Unstructured-IO / unstructured-js-client

A Typescript client for the Unstructured hosted API

Geek Repo:Geek Repo

Github PK Tool:Github PK Tool

How do I supply `Files.contentType`?

omikader opened this issue · comments

How can I provide a value for my file's content type to the partitioning API?

I noticed that the code in unstructured-api determines how to partition each file using the content_type attribute attached to the FastAPI UploadFile. If one is not provided, it tries to infer the file type using the filename extension.

My file names are arbitrary UUIDs (no filename extension) so when I try to partition them I get this error

{"detail":"File type None is not supported."}

I would like to manually provide a value for UploadFile.content_type to avoid the fallback behavior but I don't see a way to do that using the JS client. Can we modify the Files definition to include an optional value for contentType, which I presume would be used in the unstructured-api code and result in skipping the fallback path?

export declare class Files extends SpeakeasyBase {
    content: Uint8Array;
    fileName: string;
    // PROPOSING WE ADD THE FOLLOWING LINE
    contentType?: string;
}

Hi there, apologies for the delay. This is certainly something that should be in the client. I can do some digging and get back to you soon. We're also planning to improve the content type checking on the server side in the near term.

Hi @awalker4! Do you have any updates on this front? We'd like to upgrade to the new version of the JS client but we get the infamous {"detail":"File type None is not supported."} error when we try provide to provide a Blob type for the files argument. Unfortunately, when providing a Blob, you can no longer supply the fileName

Hi Omar, sorry for the delays! We still need to get content_type in as a client param, and I'd like get around to that this week. As a workaround, the latest client does still take the files object from before, so you can set the filename. Check out the Typescript tab in the docs here. Let me know if this is sufficient for now, or if you're blocked on needing the content type.

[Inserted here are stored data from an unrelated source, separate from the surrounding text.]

lemma prob_binomial_pmf_reciprocal_deviation:
  fixes m :: nat and p L :: real
  assumes "0 < m" "0 < p" "p \<le> 1" "0 < L" "104/3 * L \<le> p * m"
  shows "measure_pmf.prob (binomial_pmf m p)
           {k. \<not> (0 < k \<and> \<bar>p / real k - 1 / real m\<bar> \<le> 2 * sqrt (L / (p * real m ^ 3)))}
         \<le> 2 * exp (- L)"
proof -
  define \<mu> where "\<mu> = m * p"
  define r where "r = sqrt (L / \<mu>)"
  have \<mu>_pos: "0 < \<mu>"
    using assms by (simp add: \<mu>_def)
  have r_sq: "r\<^sup>2 * \<mu> = L"
    using assms \<mu>_pos by (simp add: r_def)
  have r_pos: "0 < r"
    using assms \<mu>_pos by (simp add: r_def)
  have "r\<^sup>2 \<le> (17/100)\<^sup>2"
    using assms \<mu>_pos by (simp add: r_def \<mu>_def divide_le_eq mult.commute power2_eq_square)
  then have r: "0 \<le> r" "r \<le> 17/100"
    using r_pos by (auto intro: power2_le_imp_le)
  have "sqrt (L / (p * real m ^ 3)) = sqrt ((L / \<mu>) / (real m)\<^sup>2)"
    by (simp add: \<mu>_def power2_eq_square power3_eq_cube mult_ac)
  also have "\<dots> = r / m"
    unfolding real_sqrt_divide r_def by simp
  finally have r_div_m: "sqrt (L / (p * real m ^ 3)) = r / m" .
  let ?bad = "{k. \<not> (0 < k \<and> \<bar>p / real k - 1 / real m\<bar> \<le> 2 * sqrt (L / (p * real m ^ 3)))}"
  let ?lower = "{k. real k \<le> (1 - sqrt 2 * r) * \<mu>}" and ?upper = "{k. (1 + 2 * r) * \<mu> \<le> real k}"
  have "?bad \<subseteq> ?lower \<union> ?upper"
  proof (rule subsetI, rule ccontr)
    fix k
    assume "k \<notin> ?lower \<union> ?upper"
    then have "0 < real k" "\<bar>\<mu> / k - 1\<bar> \<le> 2 * r"
      using abs_ratio_minus_one_le[OF \<mu>_pos r, of "real k"] by auto
    moreover have "p / real k - 1 / real m = (\<mu> / k - 1) / m"
      using assms \<open>0 < real k\<close> by (simp add: \<mu>_def field_simps)
    ultimately have "k \<notin> ?bad"
      using assms by (simp add: r_div_m divide_right_mono)
    moreover assume "k \<in> ?bad"
    ultimately show False
      by simp
  qed
  then have "measure_pmf.prob (binomial_pmf m p) ?bad
      \<le> measure_pmf.prob (binomial_pmf m p) (?lower \<union> ?upper)"
    by (intro measure_pmf.finite_measure_mono) auto
  also have "\<dots> \<le> measure_pmf.prob (binomial_pmf m p) ?lower + measure_pmf.prob (binomial_pmf m p) ?upper"
    by (rule measure_Un_le) auto
  also have "measure_pmf.prob (binomial_pmf m p) ?lower \<le> exp (- L)"
  proof -
    have "measure_pmf.prob (binomial_pmf m p) ?lower \<le> exp (- ((sqrt 2 * r)\<^sup>2 * \<mu> / 2))"
      unfolding \<mu>_def using assms r_pos by (intro prob_binomial_pmf_le_Chernoff) auto
    also have "(sqrt 2 * r)\<^sup>2 * \<mu> / 2 = L"
      using r_sq by (simp add: power_mult_distrib)
    finally show ?thesis .
  qed
  also have "measure_pmf.prob (binomial_pmf m p) ?upper \<le> exp (- L)"
  proof -
    have "measure_pmf.prob (binomial_pmf m p) ?upper \<le> exp (- ((2 * r)\<^sup>2 * \<mu> / 4))"
      unfolding \<mu>_def using assms r_pos r by (intro prob_binomial_pmf_ge_Chernoff) auto
    also have "(2 * r)\<^sup>2 * \<mu> / 4 = L"
      using r_sq by (simp add: power_mult_distrib)
    finally show ?thesis .
  qed
  finally show ?thesis
    by simp
qed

Separately, I have an internal ticket to improve server side file handling. We can address the filetype None issue by actually inspecting the file and not just keying off of the extension.

No problem! Thanks for the quick response! Yes, once we upgrade we can continue to provide the Files object but we'd love to start using the Blob variant to avoid loading the entire file into memory at once.

For now, we've decided to stay on the older client version because we started running into fetch timeout issues at the 5 minute mark and I believe this issue is related nodejs/node#46375

Also when supplying files: new Blob([data], { type: file.mimetype }), the splitPdfPage: true doesn't work and client raises Given file is not a PDF. Continuing without splitting.

commented

@alimoezzi

You can do this

const blob = await openAsBlob('path/to/filename.pdf');
const name = 'filename.pdf';
const file = new File([blob], name);

Hi all, we've merged a fix for the API that removes the naive extension check and does an actual filetype detection. This will get rid of the Filetype None is not supported errors and should cover most of the cases where you'd need to explicitly send a content type. This is deployed in our hosted serverless and free tier APIs.

We've added the contentType parameter to the SDK, to coincide with the new API param here. In addition to the better filetype checking, this issue should be resolved. Apologies for the very long turnaround time on this :/

@alimoezzi I created #100 for the pdf page splitting bug.